The results of dielectric constant as a function of frequency at room temperature of different mixes are plotted in Fig. 7. A decrease in capacitance and consequently in dielectric constant is recorded with increasing the frequency ranged (30 kHz–200 kHz). When the applied field is a sinusoidal signal, then the polarization of medium under these AC conditions leads to a dielectric constant that is generally different from the static case. The sinusoidal varying field continuously changes magnitude and direction and it tries to line up the dipoles one-way and then the other way. If the field changes too fast, then the dipoles cannot follow the field and as a consequence remain randomly oriented.[40] Eventually (as shown in Fig. 7) ε′ gradually decreases with frequency increasing for all the samples which is known as the dielectric dispersion phenomenon. Similar results were obtained (see Refs. [41], [42], and [43]). The relations between conductivity and frequency for different mixes are shown Fig. 8. This figure indicates that the AC conductivity increases with increasing frequency at room temperature. This may be attributed to the increase in the number of dipoles and consequently increases the hopping probability. Also the increase of frequency raises the conductivity because it increases the ionic response to the field variation.

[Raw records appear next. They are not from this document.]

lemma dmap_scale: "dmap E endp nV nE R (fscale c w) = fscale c (dmap E endp nV nE R w)"
  by (auto simp: fun_eq_iff dmap_def sum_distrib_left mult.left_commute)

lemma linear_dmap_diff:
  "Vector_Spaces.linear (fscale :: 'k::field \<Rightarrow> _) fscale
     (\<lambda>w. dmap E headG nV nE RH w - dmap E tailG nV nE RT w)"
  by (auto simp: linear_iff vector_space_fscale dmap_add dmap_scale fun_eq_iff algebra_simps)

lemma dmap_ecomp:
  assumes "finite E" "e \<in> E"
  shows "dmap E endp nV nE R (ecomp e w) (v, i) =
     (if i < nV v \<and> endp e = v then (\<Sum>j<nE e. R e i j * w (e, j)) else 0)"
proof -
  have "(\<Sum>j<nE e'. R e' i j * ecomp e w (e', j)) =
      (if e' = e then (\<Sum>j<nE e. R e i j * w (e, j)) else 0)" for e'
    by (auto simp: ecomp_def)
  then show ?thesis using assms by (simp add: dmap_def)
qed

lemma (in field_embedding) dmap_base_change:
  fixes R :: "'e \<Rightarrow> nat \<Rightarrow> nat \<Rightarrow> 'a" and s :: "'e \<Rightarrow> 'k" and endp :: "'e \<Rightarrow> 'v"
  assumes "finite E"
  shows "dmap E endp nV nE (\<lambda>e i j. s e * emb (R e i j)) (emb \<circ> w)
    = (\<Sum>e\<in>E. fscale (s e) (emb \<circ> dmap E endp nV nE R (ecomp e w)))"
proof
  fix x :: "'v \<times> nat"
  obtain v i where x: "x = (v, i)" by force
  have "(\<Sum>e\<in>E. fscale (s e) (emb \<circ> dmap E endp nV nE R (ecomp e w))) (v, i)
      = (\<Sum>e\<in>E. s e * emb (if i < nV v \<and> endp e = v then (\<Sum>j<nE e. R e i j * w (e, j)) else 0))"
    using assms by (simp add: sum_fun_apply dmap_ecomp)
  also have "\<dots> = dmap E endp nV nE (\<lambda>e i j. s e * emb (R e i j)) (emb \<circ> w) (v, i)"
    using assms by (simp add: dmap_def emb_sum emb_mult sum_distrib_left mult.assoc
        sum.inter_filter if_distrib cong: if_cong)
  finally show "dmap E endp nV nE (\<lambda>e i j. s e * emb (R e i j)) (emb \<circ> w) x
      = (\<Sum>e\<in>E. fscale (s e) (emb \<circ> dmap E endp nV nE R (ecomp e w))) x"
    unfolding x by simp
qed

interpretation const_psi: field_embedding "const_psi :: 'a::field \<Rightarrow> ('e::linorder, 'a) psi_field"
  by unfold_locales (simp_all add: const_psi_def single_add mult_single One_fract_def)

definition twisted_diff :: "'e::linorder set \<Rightarrow> ('e \<Rightarrow> 'v) \<Rightarrow> ('e \<Rightarrow> 'v) \<Rightarrow> ('v \<Rightarrow> nat)
    \<Rightarrow> ('e \<Rightarrow> nat) \<Rightarrow> ('e \<Rightarrow> nat \<Rightarrow> nat \<Rightarrow> 'a::field) \<Rightarrow> ('e \<Rightarrow> nat \<Rightarrow> nat \<Rightarrow> 'a)
    \<Rightarrow> ('e \<times> nat \<Rightarrow> ('e, 'a) psi_field) \<Rightarrow> ('v \<times> nat \<Rightarrow> ('e, 'a) psi_field)" where
  "twisted_diff E tailG headG nV nE RT RH w =
     dmap E headG nV nE (\<lambda>e i j. const_psi (RH e i j)) w
     - dmap E tailG nV nE (\<lambda>e i j. psi e * const_psi (RT e i j)) w"

lemma linear_twisted_diff:
  "Vector_Spaces.linear fscale fscale (twisted_diff E tailG headG nV nE RT RH)"
  unfolding twisted_diff_def[abs_def] by (rule linear_dmap_diff)

lemma h1_twist_eq_dim_kernel:
  "h1_twist V E tailG headG nV nE RT RH = vector_space.dim fscale
     {w \<in> FE E nE. twisted_diff E tailG headG nV nE RT RH w = 0}"
  by (simp add: h1_twist_def H1_def twisted_diff_def)

lemma twisted_diff_Gamma_ht:
  fixes RT RH :: "'e::linorder \<Rightarrow> nat \<Rightarrow> nat \<Rightarrow> 'a::field"
  assumes "finite E" and b: "b \<in> Gamma_ht V E tailG headG nV nE RT RH U"
  shows "twisted_diff E tailG headG nV nE RT RH (const_psi \<circ> b)
     \<in> module.span fscale ((\<circ>) const_psi ` U)"
proof -
  interpret K: vector_space "fscale :: ('e, 'a) psi_field \<Rightarrow> ('v \<times> nat \<Rightarrow> _) \<Rightarrow> _"
    by (rule vector_space_fscale)
  have bU: "dmap E headG nV nE RH (ecomp e b) \<in> U" "dmap E tailG nV nE RT (ecomp e b) \<in> U"
    if "e \<in> E" for e
    using b that by (auto simp: Gamma_ht_def)
  have h: "dmap E headG nV nE (\<lambda>e i j. const_psi (RH e i j)) (const_psi \<circ> b)
      = (\<Sum>e\<in>E. fscale 1 (const_psi \<circ> dmap E headG nV nE RH (ecomp e b)))"
    using const_psi.dmap_base_change[OF assms(1), of headG nV nE "\<lambda>_. 1" RH b] by simp
  have t: "dmap E tailG nV nE (\<lambda>e i j. psi e * const_psi (RT e i j)) (const_psi \<circ> b)
      = (\<Sum>e\<in>E. fscale (psi e) (const_psi \<circ> dmap E tailG nV nE RT (ecomp e b)))"
    by (rule const_psi.dmap_base_change[OF assms(1)])
  show ?thesis
    unfolding twisted_diff_def h t using bU
    by (intro K.span_diff K.span_sum K.span_scale K.span_base) auto
qed

lemma dim_Gamma_ht_le:
  fixes RT RH :: "'e::linorder \<Rightarrow> nat \<Rightarrow> nat \<Rightarrow> 'a::field" and U :: "('v \<times> nat \<Rightarrow> 'a) set"
  assumes finV: "finite V" and finE: "finite E" and U: "U \<subseteq> FV V nV"
  shows "vector_space.dim (fscale :: 'a \<Rightarrow> _) (Gamma_ht V E tailG headG nV nE RT RH U)
     \<le> h1_twist V E tailG headG nV nE RT RH + vector_space.dim (fscale :: 'a \<Rightarrow> _) U"
proof -
  interpret K: vector_space "fscale :: ('e, 'a) psi_field \<Rightarrow> ('e \<times> nat \<Rightarrow> _) \<Rightarrow> _"
    by (rule vector_space_fscale)
  interpret KV: vector_space "fscale :: ('e, 'a) psi_field \<Rightarrow> ('v \<times> nat \<Rightarrow> _) \<Rightarrow> _"
    by (rule vector_space_fscale)
  interpret KP: vector_space_pair "fscale :: ('e, 'a) psi_field \<Rightarrow> ('e \<times> nat \<Rightarrow> _) \<Rightarrow> _"
    "fscale :: ('e, 'a) psi_field \<Rightarrow> ('v \<times> nat \<Rightarrow> _) \<Rightarrow> _" ..
  define \<Gamma> where "\<Gamma> = Gamma_ht V E tailG headG nV nE RT RH U"
  define D where "D = twisted_diff E tailG headG nV nE RT RH"
  define H where "H = {w \<in> FE E nE. D w = 0}"
  define W where "W = K.span ((\<circ>) const_psi ` \<Gamma>)"
  obtain PE :: "('e \<times> nat \<Rightarrow> 'a) set" where PE: "finite PE" "FE E nE \<subseteq> module.span fscale PE"
    using FE_finite_dim[OF finE] by blast
  obtain QE where QE: "finite QE" "FE E nE \<subseteq> K.span QE"
    using FE_finite_dim[OF finE] by blast
  obtain PV :: "('v \<times> nat \<Rightarrow> 'a) set" where PV: "finite PV" "FV V nV \<subseteq> module.span fscale PV"
    using FV_finite_dim[OF finV] by blast
  obtain QV where QV: "finite QV" "FV V nV \<subseteq> KV.span QV"
    using FV_finite_dim[OF finV] by blast
  have linD: "Vector_Spaces.linear fscale fscale D"
    unfolding D_def by (rule linear_twisted_diff)
  have \<Gamma>_FE: "\<Gamma> \<subseteq> FE E nE"
    by (auto simp: \<Gamma>_def Gamma_ht_def)
  have W_FE: "W \<subseteq> FE E nE"
    unfolding W_def using \<Gamma>_FE
    by (intro K.span_minimal) (auto simp: FE_def K.subspace_def)
  have lift_U: "(\<circ>) const_psi ` U \<subseteq> FV V nV"
    using U by (auto simp: FV_def)
  have "D ` W = KV.span (D ` (\<circ>) const_psi ` \<Gamma>)"
    unfolding W_def by (rule KP.linear_span_image[OF linD, symmetric])
  also have "\<dots> \<subseteq> KV.span ((\<circ>) const_psi ` U)"
    using twisted_diff_Gamma_ht[OF finE] unfolding \<Gamma>_def D_def
    by (intro KV.span_minimal) auto
  finally have DW: "D ` W \<subseteq> KV.span ((\<circ>) const_psi ` U)" .
  have dim_W: "vector_space.dim fscale \<Gamma> = K.dim W"
    unfolding W_def K.dim_span
    by (rule const_psi.dim_base_change[OF PE(1) order_trans[OF \<Gamma>_FE PE(2)], symmetric])
  have rank_nullity: "K.dim W \<le> K.dim {x\<in>W. D x = 0} + KV.dim (D ` W)"
    by (rule KP.dim_le_kernel_plus_image[OF linD _ QE(1) order_trans[OF W_FE QE(2)]])
      (simp add: W_def)
  have dim_kernel: "K.dim {x\<in>W. D x = 0} \<le> K.dim H"
  proof -
    have "{x\<in>W. D x = 0} \<subseteq> H" "H \<subseteq> K.span QE"
      using W_FE QE(2) by (auto simp: H_def)
    then show ?thesis
      using K.dim_mono_finite_dim[OF QE(1)] K.span_superset by blast
  qed
  have "KV.dim (D ` W) \<le> KV.dim ((\<circ>) const_psi ` U)"
    by (rule KV.dim_mono_finite_dim[OF QV(1) order_trans[OF lift_U QV(2)] DW])
  also have "\<dots> = vector_space.dim fscale U"
    by (rule const_psi.dim_base_change[OF PV(1) order_trans[OF U PV(2)]])
  finally have dim_image: "KV.dim (D ` W) \<le> vector_space.dim fscale U" .
  have "K.dim H = h1_twist V E tailG headG nV nE RT RH"
    unfolding H_def D_def h1_twist_eq_dim_kernel ..
  then show ?thesis
    using dim_W rank_nullity dim_kernel dim_image unfolding \<Gamma>_def by linarith
qed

The relations between dielectric constant (ε′) and temperature for different samples are shown in Fig. 9. The increase of temperature raises the dielectric constant because it increases ionic response to the field at any particular frequency. These effects are associated with polarization currents arising from trapping states of various kinds.

Fig. 7. The variations of frequency dependence of the dielectric constant of the prepared samples.
Fig. 8. The variations of AC conductivity with frequency at room temperature of the prepared samples.
Fig. 9. The temperature dependences of the dielectric constant of the prepared samples at frequency 30 kHz.

The composition dependences of the dielectric constant and AC conductivity are shown in Fig. 10. This figure exhibits a high dielectric constant and high conductivity at x = 0.5. This may be explained in light of the microstructure formed by semi-conductive ZnO grains surrounded by insulating glassy phase which is similar to that of grain boundary layer capacitor. As a result the observed dielectric constant increases with dopant oxide (TiO2) increasing. In the ZnO–TiO2 intergranular material interface, the states might be identified with levels in the ZnO or with states lying possibly in the transition region (interface) between ZnO and intergranular material.[44]

Fig. 10. The composition dependences of the dielectric constant and AC conductivity at room temperature and 30 kHz.